### Provided material ###

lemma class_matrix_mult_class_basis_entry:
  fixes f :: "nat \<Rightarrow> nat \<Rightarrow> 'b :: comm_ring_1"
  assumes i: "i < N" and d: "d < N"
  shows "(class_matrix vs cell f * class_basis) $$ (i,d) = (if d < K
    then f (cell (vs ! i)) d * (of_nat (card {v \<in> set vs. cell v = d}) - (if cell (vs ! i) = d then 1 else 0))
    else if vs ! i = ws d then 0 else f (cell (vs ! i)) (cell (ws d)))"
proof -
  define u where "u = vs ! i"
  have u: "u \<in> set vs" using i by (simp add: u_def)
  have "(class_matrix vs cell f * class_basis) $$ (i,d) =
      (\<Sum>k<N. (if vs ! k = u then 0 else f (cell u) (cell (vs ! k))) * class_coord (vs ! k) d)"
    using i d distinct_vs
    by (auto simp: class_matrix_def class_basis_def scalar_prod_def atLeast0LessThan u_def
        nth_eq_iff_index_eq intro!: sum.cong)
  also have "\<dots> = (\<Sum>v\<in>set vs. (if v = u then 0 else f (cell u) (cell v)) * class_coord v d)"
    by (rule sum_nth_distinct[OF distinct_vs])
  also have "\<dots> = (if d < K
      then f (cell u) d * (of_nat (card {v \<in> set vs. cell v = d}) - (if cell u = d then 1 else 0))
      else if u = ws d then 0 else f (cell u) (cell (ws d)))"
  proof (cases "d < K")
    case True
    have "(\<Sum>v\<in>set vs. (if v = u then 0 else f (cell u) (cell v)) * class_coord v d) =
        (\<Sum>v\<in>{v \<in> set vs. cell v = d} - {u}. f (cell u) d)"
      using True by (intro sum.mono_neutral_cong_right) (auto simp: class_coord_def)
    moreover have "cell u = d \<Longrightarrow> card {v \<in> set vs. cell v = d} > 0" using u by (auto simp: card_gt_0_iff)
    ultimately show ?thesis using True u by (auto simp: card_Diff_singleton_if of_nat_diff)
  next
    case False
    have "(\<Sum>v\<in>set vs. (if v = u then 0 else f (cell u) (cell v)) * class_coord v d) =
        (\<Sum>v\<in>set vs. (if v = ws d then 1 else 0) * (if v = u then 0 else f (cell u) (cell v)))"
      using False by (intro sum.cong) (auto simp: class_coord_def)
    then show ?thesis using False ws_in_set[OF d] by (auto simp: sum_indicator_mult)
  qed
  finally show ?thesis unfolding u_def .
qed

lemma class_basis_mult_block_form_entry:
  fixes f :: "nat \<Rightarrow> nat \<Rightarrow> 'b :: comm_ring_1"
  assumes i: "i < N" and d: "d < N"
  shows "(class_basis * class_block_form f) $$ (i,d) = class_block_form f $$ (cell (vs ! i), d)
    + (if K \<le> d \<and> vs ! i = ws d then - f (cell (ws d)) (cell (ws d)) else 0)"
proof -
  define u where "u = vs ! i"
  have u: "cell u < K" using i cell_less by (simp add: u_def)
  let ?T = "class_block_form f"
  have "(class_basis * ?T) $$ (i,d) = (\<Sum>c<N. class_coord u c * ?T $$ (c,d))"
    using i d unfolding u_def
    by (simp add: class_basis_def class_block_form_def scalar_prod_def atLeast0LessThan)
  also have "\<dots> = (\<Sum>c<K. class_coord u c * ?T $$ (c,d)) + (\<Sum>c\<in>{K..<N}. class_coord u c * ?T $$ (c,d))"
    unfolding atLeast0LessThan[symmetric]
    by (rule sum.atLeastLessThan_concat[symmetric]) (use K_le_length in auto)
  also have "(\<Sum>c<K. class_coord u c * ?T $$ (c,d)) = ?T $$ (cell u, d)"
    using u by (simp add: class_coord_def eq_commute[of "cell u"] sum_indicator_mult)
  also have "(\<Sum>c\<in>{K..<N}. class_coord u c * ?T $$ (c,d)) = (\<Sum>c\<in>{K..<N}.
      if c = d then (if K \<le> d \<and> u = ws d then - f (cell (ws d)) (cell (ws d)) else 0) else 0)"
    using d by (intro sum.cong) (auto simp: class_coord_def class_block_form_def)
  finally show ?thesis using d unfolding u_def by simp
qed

###

**About this exercise**
Would you repeat the lines from the one containing "using u by (simp" through the end of the data, exactly, with nothing before or after them?

**Task response**
    using u by (simp add: class_coord_def eq_commute[of "cell u"] sum_indicator_mult)
  also have "(\<Sum>c\<in>{K..<N}. class_coord u c * ?T $$ (c,d)) = (\<Sum>c\<in>{K..<N}.
      if c = d then (if K \<le> d \<and> u = ws d then - f (cell (ws d)) (cell (ws d)) else 0) else 0)"
    using d by (intro sum.cong) (auto simp: class_coord_def class_block_form_def)
  finally show ?thesis using d unfolding u_def by simp
qed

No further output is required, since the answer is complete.